Collected data entries:
BEGIN
(* Let $\alpha\ge-1$ and $m,n\in\mathbb{N}$ with $m=m_1+\dots+m_k$ and $n=n_1+\dots+n_k$, where $m_j\in\mathbb{N}_0$ and $n_j\in\mathbb{N}$ for $j=1,\dots,k$. Put $s=\frac mn+1$, $N=m+n$, $N_j=m_j+n_j$, $s_j=\frac{m_j}{n_j}+1$. Then there is a constant $C>0$ independent of $g$ such that $$\|g\|^N_{\mathscr{B}^s_\alpha}\le C\,\|g\|^{N_1}_{\mathscr{B}^{s_1}_\alpha}\cdots\|g\|^{N_k}_{\mathscr{B}^{s_k}_\alpha}\qquad(g\in\mathcal{H}(\mathbb{D})).$$
   Context: $\mathbb{D}$ is the unit disc, $\mathcal{H}(\mathbb{D})$ the analytic functions on it, $dA$ normalized area measure. For $\psi:\mathbb{D}\to\mathbb{R}$, $|\nabla\psi|(z)=\limsup_{w\to z}|\psi(w)-\psi(z)|/|w-z|$. Let $\phi_a(z)=\frac{a-z}{1-\bar a z}$. For $q\ge1$, $\|g\|_{\mathscr{B}^q}^q=\sup_{z\in\mathbb{D}}(1-|z|^2)|\nabla|g|^q|(z)$ and $\|g\|_{BMOA^q}^{2q}=\sup_{a\in\mathbb{D}}\int_{\mathbb{D}}(1-|\phi_a|^2)|\nabla|g|^q|^2\,dA$. Write $\|\cdot\|_{\mathscr{B}^q_\alpha}=\|\cdot\|_{\mathscr{B}^q}$ for $\alpha>-1$ and $\|\cdot\|_{\mathscr{B}^q_{-1}}=\|\cdot\|_{BMOA^q}$ (values in $[0,\infty]$). *)

theory Defs
  imports "HOL-Analysis.Analysis"
begin

abbreviation unit_disc :: "complex set" where "unit_disc \<equiv> ball 0 1"

text \<open>Positive real powers on [0,\<infinity>] (exponent assumed positive): \<infinity>^p = \<infinity>.\<close>
definition enn_powr :: "ennreal \<Rightarrow> real \<Rightarrow> ennreal" where
  "enn_powr x p = (if x = \<infinity> then \<infinity> else ennreal (enn2real x powr p))"

definition grad_abs :: "(complex \<Rightarrow> real) \<Rightarrow> complex \<Rightarrow> ennreal" where
  "grad_abs \<psi> z = Limsup (at z) (\<lambda>w. ennreal (\<bar>\<psi> w - \<psi> z\<bar> / cmod (w - z)))"

definition mobius :: "complex \<Rightarrow> complex \<Rightarrow> complex" where
  "mobius a z = (a - z) / (1 - cnj a * z)"

definition area_int :: "(complex \<Rightarrow> ennreal) \<Rightarrow> ennreal" where
  "area_int f = (\<integral>\<^sup>+ z. f z * indicator unit_disc z \<partial>lborel) / ennreal pi"

definition bloch_q_pow :: "real \<Rightarrow> (complex \<Rightarrow> complex) \<Rightarrow> ennreal" where
  "bloch_q_pow q g = (SUP z\<in>unit_disc. ennreal (1 - (cmod z)\<^sup>2) * grad_abs (\<lambda>w. cmod (g w) powr q) z)"

definition bloch_q_norm :: "real \<Rightarrow> (complex \<Rightarrow> complex) \<Rightarrow> ennreal" where
  "bloch_q_norm q g = enn_powr (bloch_q_pow q g) (1 / q)"

definition bmoa_q_pow :: "real \<Rightarrow> (complex \<Rightarrow> complex) \<Rightarrow> ennreal" where
  "bmoa_q_pow q g = (SUP a\<in>unit_disc. area_int (\<lambda>z. ennreal (1 - (cmod (mobius a z))\<^sup>2)
       * (grad_abs (\<lambda>w. cmod (g w) powr q) z)\<^sup>2))"

definition bmoa_q_norm :: "real \<Rightarrow> (complex \<Rightarrow> complex) \<Rightarrow> ennreal" where
  "bmoa_q_norm q g = enn_powr (bmoa_q_pow q g) (1 / (2 * q))"

definition B_alpha_norm :: "real \<Rightarrow> real \<Rightarrow> (complex \<Rightarrow> complex) \<Rightarrow> ennreal" where
  "B_alpha_norm \<alpha> q g = (if \<alpha> = -1 then bmoa_q_norm q g else bloch_q_norm q g)"

end

theory Submission
  imports Defs "HOL-Complex_Analysis.Complex_Analysis"
begin

text \<open>
  For holomorphic \<open>g\<close> and \<open>s = m/n + 1\<close> the slope of \<open>|g|\<^sup>s\<close> is \<open>s |g|\<^bsup>m/n\<^esup> |g'|\<close>.
  With the weights \<open>\<theta>\<^sub>j = n\<^sub>j/n\<close>, which sum to 1, one has
  \<open>|g|\<^bsup>m/n\<^esup> |g'| = \<Prod>\<^sub>j (|g|\<^bsup>m\<^sub>j/n\<^sub>j\<^esup> |g'|)\<^bsup>\<theta>\<^sub>j\<^esup>\<close>, so pointwise
  \<open>|\<nabla>|g|\<^sup>s| = c \<Prod>\<^sub>j |\<nabla>|g|\<^bsup>s\<^sub>j\<^esup>|\<^bsup>\<theta>\<^sub>j\<^esup>\<close> with \<open>c = s / \<Prod>\<^sub>j s\<^sub>j\<^bsup>\<theta>\<^sub>j\<^esup>\<close>.
  Splitting the weight \<open>1 - |z|\<^sup>2\<close> into its \<open>\<theta>\<^sub>j\<close>-th powers and taking suprema gives the
  Bloch case; in the BMOA case the squared identity is integrated against
  \<open>(1 - |\<phi>\<^sub>a|\<^sup>2) dA\<close> and Hoelder's inequality with exponents \<open>1/\<theta>\<^sub>j\<close> is applied.
  Since \<open>(m + n)/s = n\<close> and \<open>(m\<^sub>j + n\<^sub>j)/s\<^sub>j = n\<^sub>j\<close>, raising to the power \<open>n\<close> yields the
  theorem with \<open>C = c\<^sup>n\<close>.
\<close>

section \<open>Real powers of extended nonnegative reals\<close>

lemma enn_powr_ennreal: "0 \<le> x \<Longrightarrow> enn_powr (ennreal x) p = ennreal (x powr p)"
  by (simp add: enn_powr_def)

lemma enn_powr_top [simp]: "enn_powr top p = top"
  by (simp add: enn_powr_def)

lemma enn_powr_zero [simp]: "enn_powr 0 p = 0"
  by (simp add: enn_powr_def)

lemma enn_powr_one_left [simp]: "enn_powr 1 p = 1"
  by (simp add: enn_powr_def)

lemma enn_powr_eq_0_iff: "enn_powr x p = 0 \<longleftrightarrow> x = 0"
  by (cases x rule: ennreal_cases) (auto simp: enn_powr_ennreal)

lemma enn_powr_one [simp]: "enn_powr x 1 = x"
  by (cases x rule: ennreal_cases) (auto simp: enn_powr_ennreal)

lemma enn_powr_add: "enn_powr x p * enn_powr x q = enn_powr x (p + q)"
  by (cases x rule: ennreal_cases) (auto simp: enn_powr_ennreal ennreal_mult' powr_add)

lemma enn_powr_mult:
  assumes "0 < p" shows "enn_powr (x * y) p = enn_powr x p * enn_powr y p"
proof (cases x rule: ennreal_cases)
  case (real a)
  then show ?thesis
    using assms
    by (cases y rule: ennreal_cases)
       (auto simp: enn_powr_ennreal ennreal_mult[symmetric] powr_mult ennreal_mult_top ennreal_top_mult)
next
  case top
  then show ?thesis
    using assms by (cases y rule: ennreal_cases) (auto simp: enn_powr_ennreal ennreal_top_mult)
qed

lemma enn_powr_power:
  assumes "0 < n" shows "enn_powr x p ^ n = enn_powr x (p * real n)"
proof (cases x rule: ennreal_cases)
  case (real a)
  have "(a powr p) ^ n = a powr (p * real n)"
    using assms by (cases "a = 0") (simp_all add: powr_power mult.commute)
  then show ?thesis using real by (simp add: enn_powr_ennreal ennreal_power)
qed (use assms in simp)
(* Let $f:\mathbb{N}\to\mathbb{R}$ with $f(1)=1$. Assume there exist an integer $N\geq2$, $C>0$ and $\gamma\in\mathbb{R}$ such that $f(n)=0$ for all $n\geq N+1$ and $|f(n)|\leq Cn^\gamma$ for all $n\leq N$. Then $$|f^{-1}(n)|\leq n^{\gamma+\varsigma}, \quad n\geq2,$$ where $\varsigma>0$ is the unique root of $\sum_{m=2}^{N} m^{-s} = \frac{1}{C}$.
   Context: $f^{-1}$ denotes the Dirichlet inverse of $f$: the arithmetic function with $\sum_{d\mid n} f(n/d) f^{-1}(d)=\varepsilon(n)$ for all $n$, where $\varepsilon(1)=1$ and $\varepsilon(n)=0$ for $n\ge2$. *)

theory Defs
  imports Complex_Main
begin

text \<open>Arithmetic functions are modelled as functions nat => real; only values at
positive integers matter.\<close>

definition dirichlet_inverse :: "(nat \<Rightarrow> real) \<Rightarrow> nat \<Rightarrow> real" where
  "dirichlet_inverse f = (SOME g. \<forall>n\<ge>1.
      (\<Sum>d | d dvd n. f (n div d) * g d) = (if n = 1 then 1 else 0))"

end

theory Submission
  imports Defs
begin

text \<open>Write g for the Dirichlet inverse of f. Since f 1 = 1, the convolution identity is the
recurrence g n = - (\<Sum> d | d dvd n, d < n. f (n div d) * g d). Only cofactors m = n div d with
2 \<le> m \<le> N contribute, and strong induction gives
\<bar>g n\<bar> \<le> \<Sum> m. C m^\<gamma> (n/m)^(\<gamma>+\<sigma>) = C n^(\<gamma>+\<sigma>) \<Sum> m^(-\<sigma>) \<le> n^(\<gamma>+\<sigma>),
which is exactly where the choice of \<sigma> as a root of \<Sum> m^(-s) = 1/C comes in.\<close>

lemma finite_divisors_with: "n \<ge> 1 \<Longrightarrow> finite {d. d dvd (n::nat) \<and> P d}"
  by (rule finite_subset[of _ "{..n}"]) (auto dest: dvd_imp_le)

lemma sum_divisors_split_self:
  fixes h :: "nat \<Rightarrow> real"
  assumes "n \<ge> 1"
  shows "(\<Sum>d | d dvd n. h d) = h n + (\<Sum>d | d dvd n \<and> d < n. h d)"
proof -
  have "{d. d dvd n} = insert n {d. d dvd n \<and> d < n}"
    using assms by (auto dest: dvd_imp_le)
  then show ?thesis
    using assms by (simp add: finite_divisors_with)
qed

function dirichlet_inverse_rec :: "(nat \<Rightarrow> real) \<Rightarrow> nat \<Rightarrow> real" where
  "dirichlet_inverse_rec f n = (if n \<le> 1 then 1 else
     - (\<Sum>d | d dvd n \<and> d < n. f (n div d) * dirichlet_inverse_rec f d))"
  by auto
termination
  by (relation "measure snd") auto

declare dirichlet_inverse_rec.simps[simp del]

lemma dirichlet_inverse_rec_convolution:
  assumes "f 1 = 1" and "n \<ge> 1"
  shows "(\<Sum>d | d dvd n. f (n div d) * dirichlet_inverse_rec f d) = (if n = 1 then 1 else 0)"
proof (cases "n = 1")
  case True
  then show ?thesis
    using assms by (simp add: dirichlet_inverse_rec.simps)
next
  case False
  then show ?thesis
    using assms by (subst sum_divisors_split_self) (simp_all add: dirichlet_inverse_rec.simps[of f n])
qed

lemma dirichlet_inverse_convolution:
  assumes "f 1 = 1" and "n \<ge> 1"
  shows "(\<Sum>d | d dvd n. f (n div d) * dirichlet_inverse f d) = (if n = 1 then 1 else 0)"
proof -
  let ?P = "\<lambda>g. \<forall>n\<ge>1. (\<Sum>d | d dvd n. f (n div d) * g d) = (if n = 1 then 1 else (0::real))"
  have "?P (dirichlet_inverse_rec f)"
    using dirichlet_inverse_rec_convolution[of f, OF assms(1)] by blast
  then have "?P (dirichlet_inverse f)"
    unfolding dirichlet_inverse_def by (rule someI[of ?P])
  then show ?thesis using assms(2) by blast
qed

lemma dirichlet_inverse_one: "f 1 = 1 \<Longrightarrow> dirichlet_inverse f 1 = 1"
  using dirichlet_inverse_convolution[of f 1] by simp

lemma dirichlet_inverse_recurrence:
  assumes "f 1 = 1" and "n \<ge> 2"
  shows "dirichlet_inverse f n = - (\<Sum>d | d dvd n \<and> d < n. f (n div d) * dirichlet_inverse f d)"
  using dirichlet_inverse_convolution[of f n, OF assms(1)] assms
  by (simp add: sum_divisors_split_self eq_neg_iff_add_eq_0)

lemma sum_proper_divisors_cofactor_le:
  fixes h :: "nat \<Rightarrow> real"
  assumes "n \<ge> 1" and nonneg: "\<And>m. 2 \<le> m \<Longrightarrow> m \<le> N \<Longrightarrow> 0 \<le> h m"
  shows "(\<Sum>d | d dvd n \<and> d < n \<and> n div d \<le> N. h (n div d)) \<le> (\<Sum>m = 2..N. h m)"
proof -
  define D where "D = {d. d dvd n \<and> d < n \<and> n div d \<le> N}"
  have "inj_on (\<lambda>d. n div d) D"
  proof (rule inj_onI)
    fix x y assume "x \<in> D" "y \<in> D" "n div x = n div y"
    then have "n div x * x = n" "n div x * y = n" by (auto simp: D_def)
    moreover have "n div x \<noteq> 0" using \<open>n div x * x = n\<close> assms(1) by (metis mult_0 not_one_le_zero)
    ultimately show "x = y" by (metis mult_left_cancel)
  qed
  moreover have "(\<lambda>d. n div d) ` D \<subseteq> {2..N}"
  proof
    fix m assume "m \<in> (\<lambda>d. n div d) ` D"
    then obtain d where d: "d dvd n" "d < n" "n div d \<le> N" and m: "m = n div d"
      by (auto simp: D_def)
    then have "n = m * d" by simp
    then have "m \<noteq> 0" and "m \<noteq> 1" using assms(1) d(2) by auto
    then show "m \<in> {2..N}" using d(3) m by simp
  qed
  ultimately have "(\<Sum>m\<in>(\<lambda>d. n div d) ` D. h m) \<le> (\<Sum>m = 2..N. h m)"
    using nonneg by (intro sum_mono2) auto
  with \<open>inj_on (\<lambda>d. n div d) D\<close> have "(\<Sum>d\<in>D. h (n div d)) \<le> (\<Sum>m = 2..N. h m)"
    by (simp add: sum.reindex)
  then show ?thesis by (simp add: D_def)
qed

lemma powr_cofactor_eq:
  fixes C \<gamma> \<sigma> :: real
  assumes "n = m * d"
  shows "C * real m powr \<gamma> * real d powr (\<gamma> + \<sigma>) = C * real n powr (\<gamma> + \<sigma>) * real m powr (- \<sigma>)"
proof -
  have "real m powr \<gamma> = real m powr (\<gamma> + \<sigma>) * real m powr (- \<sigma>)"
    by (simp add: powr_add[symmetric])
  then show ?thesis
    by (simp add: assms powr_mult)
qed

lemma dirichlet_inverse_powr_bound:
  fixes f :: "nat \<Rightarrow> real" and N :: nat and C \<gamma> \<sigma> :: real
  assumes f1: "f 1 = 1"
    and C: "C \<ge> 0"
    and vanish: "\<And>m. m > N \<Longrightarrow> f m = 0"
    and bound: "\<And>m. 2 \<le> m \<Longrightarrow> m \<le> N \<Longrightarrow> \<bar>f m\<bar> \<le> C * real m powr \<gamma>"
    and sum_le: "C * (\<Sum>m = 2..N. real m powr (- \<sigma>)) \<le> 1"
    and "n \<ge> 1"
  shows "\<bar>dirichlet_inverse f n\<bar> \<le> real n powr (\<gamma> + \<sigma>)"
  using \<open>n \<ge> 1\<close>
proof (induction n rule: less_induct)
  case (less n)
  let ?g = "dirichlet_inverse f"
  show ?case
  proof (cases "n = 1")
    case True
    then show ?thesis using dirichlet_inverse_one[of f, OF f1] by simp
  next
    case False
    with less.prems have n2: "n \<ge> 2" by simp
    define D where "D = {d. d dvd n \<and> d < n \<and> n div d \<le> N}"
    have "(\<Sum>d | d dvd n \<and> d < n. f (n div d) * ?g d) = (\<Sum>d\<in>D. f (n div d) * ?g d)"
      using n2 vanish unfolding D_def
      by (intro sum.mono_neutral_right) (auto simp: finite_divisors_with not_le)
    then have "\<bar>?g n\<bar> = \<bar>\<Sum>d\<in>D. f (n div d) * ?g d\<bar>"
      by (simp add: dirichlet_inverse_recurrence[of f, OF f1 n2])
    also have "\<dots> \<le> (\<Sum>d\<in>D. \<bar>f (n div d)\<bar> * \<bar>?g d\<bar>)"
      by (rule order_trans[OF sum_abs]) (simp add: abs_mult)
    also have "\<dots> \<le> (\<Sum>d\<in>D. C * real (n div d) powr \<gamma> * real d powr (\<gamma> + \<sigma>))"
    proof (rule sum_mono)
      fix d assume "d \<in> D"
      then have d: "d dvd n" "d < n" "n div d \<le> N" by (auto simp: D_def)
      moreover have "n = n div d * d" using d(1) by simp
      ultimately have "d \<ge> 1" and "n div d \<ge> 2"
        using n2 by auto
      then show "\<bar>f (n div d)\<bar> * \<bar>?g d\<bar> \<le> C * real (n div d) powr \<gamma> * real d powr (\<gamma> + \<sigma>)"
        using d C by (intro mult_mono bound less.IH) auto
    qed
    also have "\<dots> = C * real n powr (\<gamma> + \<sigma>) * (\<Sum>d\<in>D. real (n div d) powr (- \<sigma>))"
      by (simp add: sum_distrib_left powr_cofactor_eq D_def)
    also have "\<dots> \<le> C * real n powr (\<gamma> + \<sigma>) * (\<Sum>m = 2..N. real m powr (- \<sigma>))"
      using C n2 unfolding D_def by (intro mult_left_mono sum_proper_divisors_cofactor_le) auto
    also have "\<dots> \<le> real n powr (\<gamma> + \<sigma>)"
      using mult_left_mono[OF sum_le, of "real n powr (\<gamma> + \<sigma>)"] by (simp add: mult_ac)
    finally show ?thesis .
  qed
qed

theorem proposition3p16:
  fixes f :: "nat \<Rightarrow> real" and N :: nat and C \<gamma> \<sigma> :: real
  assumes f1: "f 1 = 1"
    and N2: "N \<ge> 2"
    and Cpos: "C > 0"
    and vanish: "\<And>n. n \<ge> N + 1 \<Longrightarrow> f n = 0"
    and bound: "\<And>n. 1 \<le> n \<Longrightarrow> n \<le> N \<Longrightarrow> \<bar>f n\<bar> \<le> C * real n powr \<gamma>"
    and root: "(\<Sum>m = 2..N. real m powr (- \<sigma>)) = 1 / C"
  shows "\<forall>n\<ge>2. \<bar>dirichlet_inverse f n\<bar> \<le> real n powr (\<gamma> + \<sigma>)"
proof (intro allI impI)
  fix n :: nat assume "n \<ge> 2"
  have "C * (\<Sum>m = 2..N. real m powr (- \<sigma>)) \<le> 1"
    using root Cpos by simp
  then show "\<bar>dirichlet_inverse f n\<bar> \<le> real n powr (\<gamma> + \<sigma>)"
    using \<open>n \<ge> 2\<close> Cpos vanish bound
    by (intro dirichlet_inverse_powr_bound[of f, OF f1]) auto
qed

end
END
EXERCISE AIM:
Pull every line containing "infinity" from the entries above and copy it.

RESULT OF THIS EXERCISE:
text \<open>Positive real powers on [0,\<infinity>] (exponent assumed positive): \<infinity>^p = \<infinity>.\<close>
  "enn_powr x p = (if x = \<infinity> then \<infinity> else ennreal (enn2real x powr p))"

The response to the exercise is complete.